Here are the records. Write out exactly the lines between the one holding "using continuous_attains_sup[OF compact_Icc]" and the one holding "add: power2_eq_square mult_le_cancel_left1)", inclusive.

#### Records to process ####

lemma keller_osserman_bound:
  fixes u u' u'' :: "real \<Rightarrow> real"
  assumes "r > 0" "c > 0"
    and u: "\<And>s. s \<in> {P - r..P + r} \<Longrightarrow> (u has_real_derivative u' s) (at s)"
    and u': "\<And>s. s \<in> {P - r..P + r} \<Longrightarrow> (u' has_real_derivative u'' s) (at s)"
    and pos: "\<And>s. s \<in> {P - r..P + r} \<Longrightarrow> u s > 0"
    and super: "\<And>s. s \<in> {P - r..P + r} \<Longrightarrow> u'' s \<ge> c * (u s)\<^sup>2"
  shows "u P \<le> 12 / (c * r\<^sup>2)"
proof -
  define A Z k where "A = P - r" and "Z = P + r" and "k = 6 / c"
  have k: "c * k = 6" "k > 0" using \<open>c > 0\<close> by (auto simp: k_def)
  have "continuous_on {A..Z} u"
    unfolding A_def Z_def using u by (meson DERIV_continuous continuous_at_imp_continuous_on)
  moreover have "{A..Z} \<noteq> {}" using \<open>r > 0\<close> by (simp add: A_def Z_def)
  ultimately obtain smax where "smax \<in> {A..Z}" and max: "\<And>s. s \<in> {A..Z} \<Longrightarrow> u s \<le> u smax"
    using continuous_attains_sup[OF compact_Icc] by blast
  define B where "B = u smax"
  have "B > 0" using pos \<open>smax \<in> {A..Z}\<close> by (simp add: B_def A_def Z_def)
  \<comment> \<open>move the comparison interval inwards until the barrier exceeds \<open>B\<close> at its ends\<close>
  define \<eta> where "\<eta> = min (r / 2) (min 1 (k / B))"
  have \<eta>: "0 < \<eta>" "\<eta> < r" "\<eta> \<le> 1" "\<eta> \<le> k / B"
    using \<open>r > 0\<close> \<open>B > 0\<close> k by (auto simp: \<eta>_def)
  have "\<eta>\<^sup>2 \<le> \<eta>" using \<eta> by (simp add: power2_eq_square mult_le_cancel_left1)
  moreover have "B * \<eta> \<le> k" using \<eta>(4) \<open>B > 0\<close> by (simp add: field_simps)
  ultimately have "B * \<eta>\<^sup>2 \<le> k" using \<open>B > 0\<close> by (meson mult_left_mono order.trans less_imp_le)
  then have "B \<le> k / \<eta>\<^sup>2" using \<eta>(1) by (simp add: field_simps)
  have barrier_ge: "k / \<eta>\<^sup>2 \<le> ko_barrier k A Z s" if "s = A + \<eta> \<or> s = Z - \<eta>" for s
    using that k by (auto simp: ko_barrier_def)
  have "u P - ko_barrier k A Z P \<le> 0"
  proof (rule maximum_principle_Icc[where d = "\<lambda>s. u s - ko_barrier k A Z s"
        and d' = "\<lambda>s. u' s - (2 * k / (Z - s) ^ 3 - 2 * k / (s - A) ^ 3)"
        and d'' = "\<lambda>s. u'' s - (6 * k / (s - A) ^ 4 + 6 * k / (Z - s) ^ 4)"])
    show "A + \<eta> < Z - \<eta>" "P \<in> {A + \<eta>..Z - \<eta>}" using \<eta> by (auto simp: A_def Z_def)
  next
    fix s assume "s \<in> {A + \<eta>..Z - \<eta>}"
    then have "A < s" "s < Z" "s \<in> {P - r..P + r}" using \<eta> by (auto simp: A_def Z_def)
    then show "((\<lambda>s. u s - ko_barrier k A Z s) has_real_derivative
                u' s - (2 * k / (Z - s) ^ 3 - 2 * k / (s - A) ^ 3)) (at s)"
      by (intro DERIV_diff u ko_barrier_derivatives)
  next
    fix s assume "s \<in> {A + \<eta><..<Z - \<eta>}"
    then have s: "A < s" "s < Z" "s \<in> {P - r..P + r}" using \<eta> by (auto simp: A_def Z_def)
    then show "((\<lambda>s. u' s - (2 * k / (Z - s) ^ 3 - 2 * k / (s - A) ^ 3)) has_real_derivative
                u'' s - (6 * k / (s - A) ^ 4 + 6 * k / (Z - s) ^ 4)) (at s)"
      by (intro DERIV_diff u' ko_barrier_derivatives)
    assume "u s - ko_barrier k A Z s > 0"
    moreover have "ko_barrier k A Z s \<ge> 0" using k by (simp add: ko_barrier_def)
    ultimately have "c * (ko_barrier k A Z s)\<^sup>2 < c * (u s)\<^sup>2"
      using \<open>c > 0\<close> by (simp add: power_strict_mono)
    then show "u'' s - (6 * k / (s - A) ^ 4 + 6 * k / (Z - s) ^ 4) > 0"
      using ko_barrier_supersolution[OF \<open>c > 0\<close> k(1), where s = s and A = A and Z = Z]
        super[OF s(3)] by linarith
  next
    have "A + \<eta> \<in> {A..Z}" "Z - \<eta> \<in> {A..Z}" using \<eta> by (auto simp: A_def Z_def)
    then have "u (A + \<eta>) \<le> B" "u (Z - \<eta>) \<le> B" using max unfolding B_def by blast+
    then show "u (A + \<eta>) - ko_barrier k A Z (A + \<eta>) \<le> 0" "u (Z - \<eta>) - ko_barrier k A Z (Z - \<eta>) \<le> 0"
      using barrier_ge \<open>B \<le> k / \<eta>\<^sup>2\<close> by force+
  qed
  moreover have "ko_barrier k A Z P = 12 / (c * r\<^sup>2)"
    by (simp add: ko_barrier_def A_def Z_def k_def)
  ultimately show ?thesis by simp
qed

####
#### Records to process ####

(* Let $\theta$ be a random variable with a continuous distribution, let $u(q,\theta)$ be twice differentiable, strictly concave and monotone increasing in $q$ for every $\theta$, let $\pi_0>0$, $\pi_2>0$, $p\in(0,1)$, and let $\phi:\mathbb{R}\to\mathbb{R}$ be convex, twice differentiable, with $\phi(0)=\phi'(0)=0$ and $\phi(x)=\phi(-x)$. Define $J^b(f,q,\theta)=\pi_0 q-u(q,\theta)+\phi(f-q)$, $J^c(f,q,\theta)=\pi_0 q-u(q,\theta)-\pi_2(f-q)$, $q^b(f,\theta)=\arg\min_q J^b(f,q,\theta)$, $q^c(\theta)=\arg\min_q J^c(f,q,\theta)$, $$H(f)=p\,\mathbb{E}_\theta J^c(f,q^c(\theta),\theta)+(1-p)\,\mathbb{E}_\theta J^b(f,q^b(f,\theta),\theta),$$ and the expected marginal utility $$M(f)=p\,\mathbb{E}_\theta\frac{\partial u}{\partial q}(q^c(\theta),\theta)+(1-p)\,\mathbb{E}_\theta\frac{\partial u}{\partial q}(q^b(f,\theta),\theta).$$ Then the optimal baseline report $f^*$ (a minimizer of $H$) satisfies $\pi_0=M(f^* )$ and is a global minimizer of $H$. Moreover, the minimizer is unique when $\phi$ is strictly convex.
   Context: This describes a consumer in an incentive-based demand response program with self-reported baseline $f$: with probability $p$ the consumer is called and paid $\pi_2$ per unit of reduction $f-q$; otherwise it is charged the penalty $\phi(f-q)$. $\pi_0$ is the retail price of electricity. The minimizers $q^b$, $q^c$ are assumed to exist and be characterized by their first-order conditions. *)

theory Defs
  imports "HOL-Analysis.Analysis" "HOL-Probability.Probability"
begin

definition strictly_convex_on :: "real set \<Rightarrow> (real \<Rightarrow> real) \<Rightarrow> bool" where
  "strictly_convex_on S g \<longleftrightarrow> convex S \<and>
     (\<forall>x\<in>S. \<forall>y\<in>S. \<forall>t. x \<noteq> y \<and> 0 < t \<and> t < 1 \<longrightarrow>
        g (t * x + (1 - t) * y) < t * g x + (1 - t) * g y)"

####

Result for this exercise
    using continuous_attains_sup[OF compact_Icc] by blast
  define B where "B = u smax"
  have "B > 0" using pos \<open>smax \<in> {A..Z}\<close> by (simp add: B_def A_def Z_def)
  \<comment> \<open>move the comparison interval inwards until the barrier exceeds \<open>B\<close> at its ends\<close>
  define \<eta> where "\<eta> = min (r / 2) (min 1 (k / B))"
  have \<eta>: "0 < \<eta>" "\<eta> < r" "\<eta> \<le> 1" "\<eta> \<le> k / B"
    using \<open>r > 0\<close> \<open>B > 0\<close> k by (auto simp: \<eta>_def)
  have "\<eta>\<^sup>2 \<le> \<eta>" using \<eta> by (simp add: power2_eq_square mult_le_cancel_left1)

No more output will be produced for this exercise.